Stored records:
********

lemma is_lub_exists:
  assumes Z: "finite Z" "k + 1 \<le> card Z" and "a \<in> Gamma Z k" "b \<in> Gamma Z k"
  shows "\<exists>c. is_lub Z k a b c"
proof -
  obtain s C t D where a: "a = (s, C)" and b: "b = (t, D)"
    by (cases a, cases b)
  have C: "C \<in> pi0 (L Z k s)" and D: "D \<in> pi0 (L Z k t)"
    using assms a b by (simp_all add: Gamma_iff)
  obtain x y where "x \<in> C" "y \<in> D"
    using pi0_nonempty[OF C] pi0_nonempty[OF D] by blast
  then have "x \<in> Z" "y \<in> Z"
    using pi0_subset_Union[OF C] pi0_subset_Union[OF D] Union_L_subset by blast+
  then obtain v where v: "max s t \<le> v" "y \<in> scomp (L Z k v) x"
    and least: "\<And>w. max s t \<le> w \<Longrightarrow> y \<in> scomp (L Z k w) x \<Longrightarrow> v \<le> w"
    using least_connecting_level[OF Z] by metis
  define c where "c = (v, scomp (L Z k v) x)"
  have ac: "gle Z k a c"
    unfolding a c_def using gle_push[OF Z(1) assms(3)[unfolded a] _ \<open>x \<in> C\<close>] v(1) by simp
  have "gle Z k b (v, scomp (L Z k v) y)"
    unfolding b using gle_push[OF Z(1) assms(4)[unfolded b] _ \<open>y \<in> D\<close>] v(1) by simp
  then have bc: "gle Z k b c"
    unfolding c_def using scomp_eq[OF v(2)] by simp
  have "gle Z k c d" if ad: "gle Z k a d" and bd: "gle Z k b d" for d
  proof -
    obtain w E where d: "d = (w, E)"
      by (cases d)
    have "s \<le> w" "t \<le> w" "scomp (L Z k w) x = E" "scomp (L Z k w) y = E"
      using ad bd \<open>x \<in> C\<close> \<open>y \<in> D\<close> unfolding a b d gle_def by auto
    then have "v \<le> w"
      using least scomp_refl[of y "L Z k w"] by simp
    moreover have "c \<in> Gamma Z k"
      using ac by (rule gle_Gamma)
    ultimately show ?thesis
      using gle_push[OF Z(1), of v _ k w x] scomp_refl[of x] \<open>scomp (L Z k w) x = E\<close>
      unfolding c_def d by simp
  qed
  then show ?thesis
    unfolding is_lub_def using ac bc by blast
qed

lemma is_lub_unique: "is_lub Z k a b c \<Longrightarrow> is_lub Z k a b c' \<Longrightarrow> c' = c"
  unfolding is_lub_def by (blast intro: gle_antisym)

lemma join_is_lub:
  assumes "finite Z" "k + 1 \<le> card Z" "a \<in> Gamma Z k" "b \<in> Gamma Z k"
  shows "is_lub Z k a b (join Z k a b)"
proof -
  obtain c where c: "is_lub Z k a b c"
    using is_lub_exists[OF assms] by blast
  then show ?thesis
    unfolding join_def by (rule theI) (rule is_lub_unique[OF c])
qed

definition unique_below_at :: "(real ^ ('n::finite)) set \<Rightarrow> nat \<Rightarrow> real \<times> (real ^ 'n) set \<Rightarrow> real \<Rightarrow> bool"
  where "unique_below_at Z k p s \<longleftrightarrow> (\<exists>!C. gle Z k (s, C) p)"

definition stable_from :: "(real ^ ('n::finite)) set \<Rightarrow> nat \<Rightarrow> real \<times> (real ^ 'n) set \<Rightarrow> real \<Rightarrow> bool"
  where "stable_from Z k p s \<longleftrightarrow>
    0 \<le> s \<and> s \<le> fst p \<and> (\<forall>s'. s \<le> s' \<and> s' \<le> fst p \<longrightarrow> unique_below_at Z k p s')"

definition birth_level :: "(real ^ ('n::finite)) set \<Rightarrow> nat \<Rightarrow> real \<times> (real ^ 'n) set \<Rightarrow> real"
  where "birth_level Z k p = Inf {s. stable_from Z k p s}"

definition birth_point :: "(real ^ ('n::finite)) set \<Rightarrow> nat \<Rightarrow> real \<times> (real ^ 'n) set \<Rightarrow> real \<times> (real ^ 'n) set"
  where "birth_point Z k p = (birth_level Z k p, THE C. gle Z k (birth_level Z k p, C) p)"

lemma unique_below_atD:
  "unique_below_at Z k p s \<Longrightarrow> gle Z k (s, C) p \<Longrightarrow> gle Z k (s, C') p \<Longrightarrow> C = C'"
  unfolding unique_below_at_def by blast

lemma unique_below_at_top:
  assumes "p \<in> Gamma Z k"
  shows "unique_below_at Z k p (fst p)"
proof -
  have "C = snd p" if "gle Z k (fst p, C) p" for C
  proof -
    have C: "C \<in> pi0 (L Z k (fst p))"
      using gle_Gamma(1)[OF that] by (simp add: Gamma_iff)
    then obtain x where "x \<in> C"
      using pi0_nonempty by blast
    then show ?thesis
      using that pi0_scomp_eq[OF C] unfolding gle_def by auto
  qed
  moreover have "gle Z k (fst p, snd p) p"
    using gle_refl[OF assms] by simp
  ultimately show ?thesis
    unfolding unique_below_at_def by blast
qed

lemma unique_below_at_level_cong:
  assumes "L Z k u = L Z k v" "0 \<le> u" "0 \<le> v" "u \<le> fst p" "v \<le> fst p"
  shows "unique_below_at Z k p u \<longleftrightarrow> unique_below_at Z k p v"
  using assms unfolding unique_below_at_def gle_def Gamma_def by simp

lemma stable_from_birth_level:
  assumes Z: "finite Z" and p: "p \<in> Gamma Z k"
  shows "stable_from Z k p (birth_level Z k p)"
proof -
  define U where "U = {s. stable_from Z k p s}"
  have "fst p \<in> U"
    using p unique_below_at_top[OF p] unfolding U_def stable_from_def Gamma_def by auto
  then have "U \<noteq> {}" and "bdd_below U"
    unfolding U_def stable_from_def bdd_below_def by blast+
  then have "Inf U \<in> U"
  proof (rule Inf_mem_if_L_eq_closed[OF Z])
    fix v assume "v \<in> U" and Lv: "L Z k v = L Z k (Inf U)"
    have "0 \<le> Inf U"
      using \<open>U \<noteq> {}\<close> unfolding U_def stable_from_def by (auto intro: cInf_greatest)
    have "Inf U \<le> v"
      using \<open>v \<in> U\<close> \<open>bdd_below U\<close> by (rule cInf_lower)
    have "unique_below_at Z k p s" if "Inf U \<le> s" "s \<le> fst p" for s
    proof (cases "v \<le> s")
      case True
      then show ?thesis
        using \<open>v \<in> U\<close> that unfolding U_def stable_from_def by blast
    next
      case False
      then have "L Z k s = L Z k v"
        using L_eq_between[OF Z \<open>Inf U \<le> s\<close>, of v] Lv by simp
      then show ?thesis
        using unique_below_at_level_cong[of Z k s v p] \<open>v \<in> U\<close> that \<open>0 \<le> Inf U\<close>
        unfolding U_def stable_from_def by auto
    qed
    then show "Inf U \<in> U"
      using \<open>0 \<le> Inf U\<close> \<open>Inf U \<le> v\<close> \<open>v \<in> U\<close> unfolding U_def stable_from_def by auto
  qed
  then show ?thesis
    unfolding U_def birth_level_def by simp
qed

lemma birth_level_bounds:
  assumes "finite Z" "p \<in> Gamma Z k"
  shows "0 \<le> birth_level Z k p" "birth_level Z k p \<le> fst p"
  using stable_from_birth_level[OF assms] unfolding stable_from_def by auto

lemma unique_below_at_above_birth_level:
  assumes "finite Z" "p \<in> Gamma Z k" "birth_level Z k p \<le> s" "s \<le> fst p"
  shows "unique_below_at Z k p s"
  using stable_from_birth_level[OF assms(1,2)] assms(3,4) unfolding stable_from_def by auto

lemma not_unique_below_birth_level:
  assumes Z: "finite Z" and p: "p \<in> Gamma Z k"
  obtains w where "w < birth_level Z k p"
    and "\<And>s. w \<le> s \<Longrightarrow> s < birth_level Z k p \<Longrightarrow> \<not> unique_below_at Z k p s"
proof -
  let ?u = "birth_level Z k p"
  obtain w where "w < ?u" and w: "\<And>v. w \<le> v \<Longrightarrow> v < ?u \<Longrightarrow> L Z k v = L Z k w"
    using L_const_left[OF Z] by blast
  moreover have "\<not> unique_below_at Z k p s" if "w \<le> s" "s < ?u" for s
  proof (cases "0 \<le> s")
    case False
    then have "\<not> gle Z k (s, C) p" for C
      unfolding gle_def Gamma_def by simp
    then show ?thesis
      unfolding unique_below_at_def by blast
  next
    case True
    have "bdd_below {s. stable_from Z k p s}"
      unfolding bdd_below_def stable_from_def by auto
    then have "\<not> stable_from Z k p s"
      using cInf_lower[of s "{s. stable_from Z k p s}"] \<open>s < ?u\<close>
      unfolding birth_level_def by auto
    moreover have "s \<le> fst p"
      using birth_level_bounds[OF Z p] \<open>s < ?u\<close> by simp
    ultimately obtain s' where s': "s \<le> s'" "s' \<le> fst p" "\<not> unique_below_at Z k p s'"
      using True unfolding stable_from_def by blast
    then have "s' < ?u"
      using unique_below_at_above_birth_level[OF Z p, of s'] by (meson not_le)
    then have "L Z k s = L Z k s'"
      using w[of s] w[of s'] that s' by simp
    then show ?thesis
      using unique_below_at_level_cong[of Z k s s' p] True s' by simp
  qed
  ultimately show ?thesis
    using that by blast
qed

lemma birth_point_eq:
  assumes "finite Z" "p \<in> Gamma Z k" "gle Z k (birth_level Z k p, C) p"
  shows "birth_point Z k p = (birth_level Z k p, C)"
proof -
  have "unique_below_at Z k p (birth_level Z k p)"
    using unique_below_at_above_birth_level[OF assms(1,2) order_refl birth_level_bounds(2)[OF assms(1,2)]] .
  then have "(THE C. gle Z k (birth_level Z k p, C) p) = C"
    using assms(3) unfolding unique_below_at_def by (rule the1_equality)
  then show ?thesis
    unfolding birth_point_def by simp
qed

lemma gle_birth_point_if_below:
  assumes Z: "finite Z" and p: "p \<in> Gamma Z k"
    and sC: "gle Z k (s, C) p" and "s \<le> birth_level Z k p"
  shows "gle Z k (s, C) (birth_point Z k p)"
proof -
  let ?u = "birth_level Z k p"
  have "(s, C) \<in> Gamma Z k"
    using sC by (rule gle_Gamma)
  then obtain x where "x \<in> C"
    using pi0_nonempty unfolding Gamma_iff by blast
  then have "gle Z k (s, C) (?u, scomp (L Z k ?u) x)"
    using gle_push[OF Z \<open>(s, C) \<in> Gamma Z k\<close> \<open>s \<le> ?u\<close>] by simp
  moreover have "gle Z k (?u, scomp (L Z k ?u) x) p"
    using gle_push_between[OF Z sC \<open>s \<le> ?u\<close> _ \<open>x \<in> C\<close>] birth_level_bounds[OF Z p] by simp
  ultimately show ?thesis
    using birth_point_eq[OF Z p, of "scomp (L Z k ?u) x"] by simp
qed

lemma birth_point_le:
  assumes Z: "finite Z" and p: "p \<in> Gamma Z k"
  shows "gle Z k (birth_point Z k p) p"
proof -
  have "unique_below_at Z k p (birth_level Z k p)"
    using unique_below_at_above_birth_level[OF Z p order_refl birth_level_bounds(2)[OF Z p]] .
  then obtain C where "gle Z k (birth_level Z k p, C) p"
    unfolding unique_below_at_def by blast
  with birth_point_eq[OF Z p this] show ?thesis
    by simp
qed

lemma birth_point_merges:
  assumes Z: "finite Z" and p: "p \<in> Gamma Z k"
    and sC: "gle Z k (s, C) (birth_point Z k p)" and "s < birth_level Z k p"
  shows "\<exists>s0 < birth_level Z k p. \<forall>s'. s0 \<le> s' \<and> s' < birth_level Z k p \<longrightarrow>
          (\<exists>C0 C1. C0 \<noteq> C1 \<and> gle Z k (s', C0) (birth_point Z k p) \<and> gle Z k (s', C1) (birth_point Z k p))"
proof -
  let ?u = "birth_level Z k p"
  obtain w where "w < ?u" and not_unique: "\<And>s'. w \<le> s' \<Longrightarrow> s' < ?u \<Longrightarrow> \<not> unique_below_at Z k p s'"
    using not_unique_below_birth_level[OF Z p] by blast
  have sCp: "gle Z k (s, C) p"
    using gle_trans[OF sC birth_point_le[OF Z p]] .
  then have "C \<in> pi0 (L Z k s)"
    using gle_Gamma(1) Gamma_iff by blast
  then obtain x where "x \<in> C"
    using pi0_nonempty by blast
  have "\<exists>C0 C1. C0 \<noteq> C1 \<and> gle Z k (s', C0) (birth_point Z k p) \<and> gle Z k (s', C1) (birth_point Z k p)"
    if s': "max w s \<le> s'" "s' < ?u" for s'
  proof -
    have C0: "gle Z k (s', scomp (L Z k s') x) p"
      using gle_push_between[OF Z sCp _ _ \<open>x \<in> C\<close>, of s'] s' birth_level_bounds[OF Z p] by simp
    moreover obtain C1 where C1: "gle Z k (s', C1) p" "C1 \<noteq> scomp (L Z k s') x"
      using not_unique[of s'] s' C0 unfolding unique_below_at_def by auto
    ultimately show ?thesis
      using gle_birth_point_if_below[OF Z p C0] gle_birth_point_if_below[OF Z p C1(1)] s' by auto
  qed
  moreover have "max w s < ?u"
    using \<open>w < ?u\<close> \<open>s < ?u\<close> by simp
  ultimately show ?thesis
    by blast
qed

********

• [Work to be completed] Search the entries above for the string "intro". Copy each line that holds it.

• [Answer to this exercise]
  unfolding is_lub_def by (blast intro: gle_antisym)
      using \<open>U \<noteq> {}\<close> unfolding U_def stable_from_def by (auto intro: cInf_greatest)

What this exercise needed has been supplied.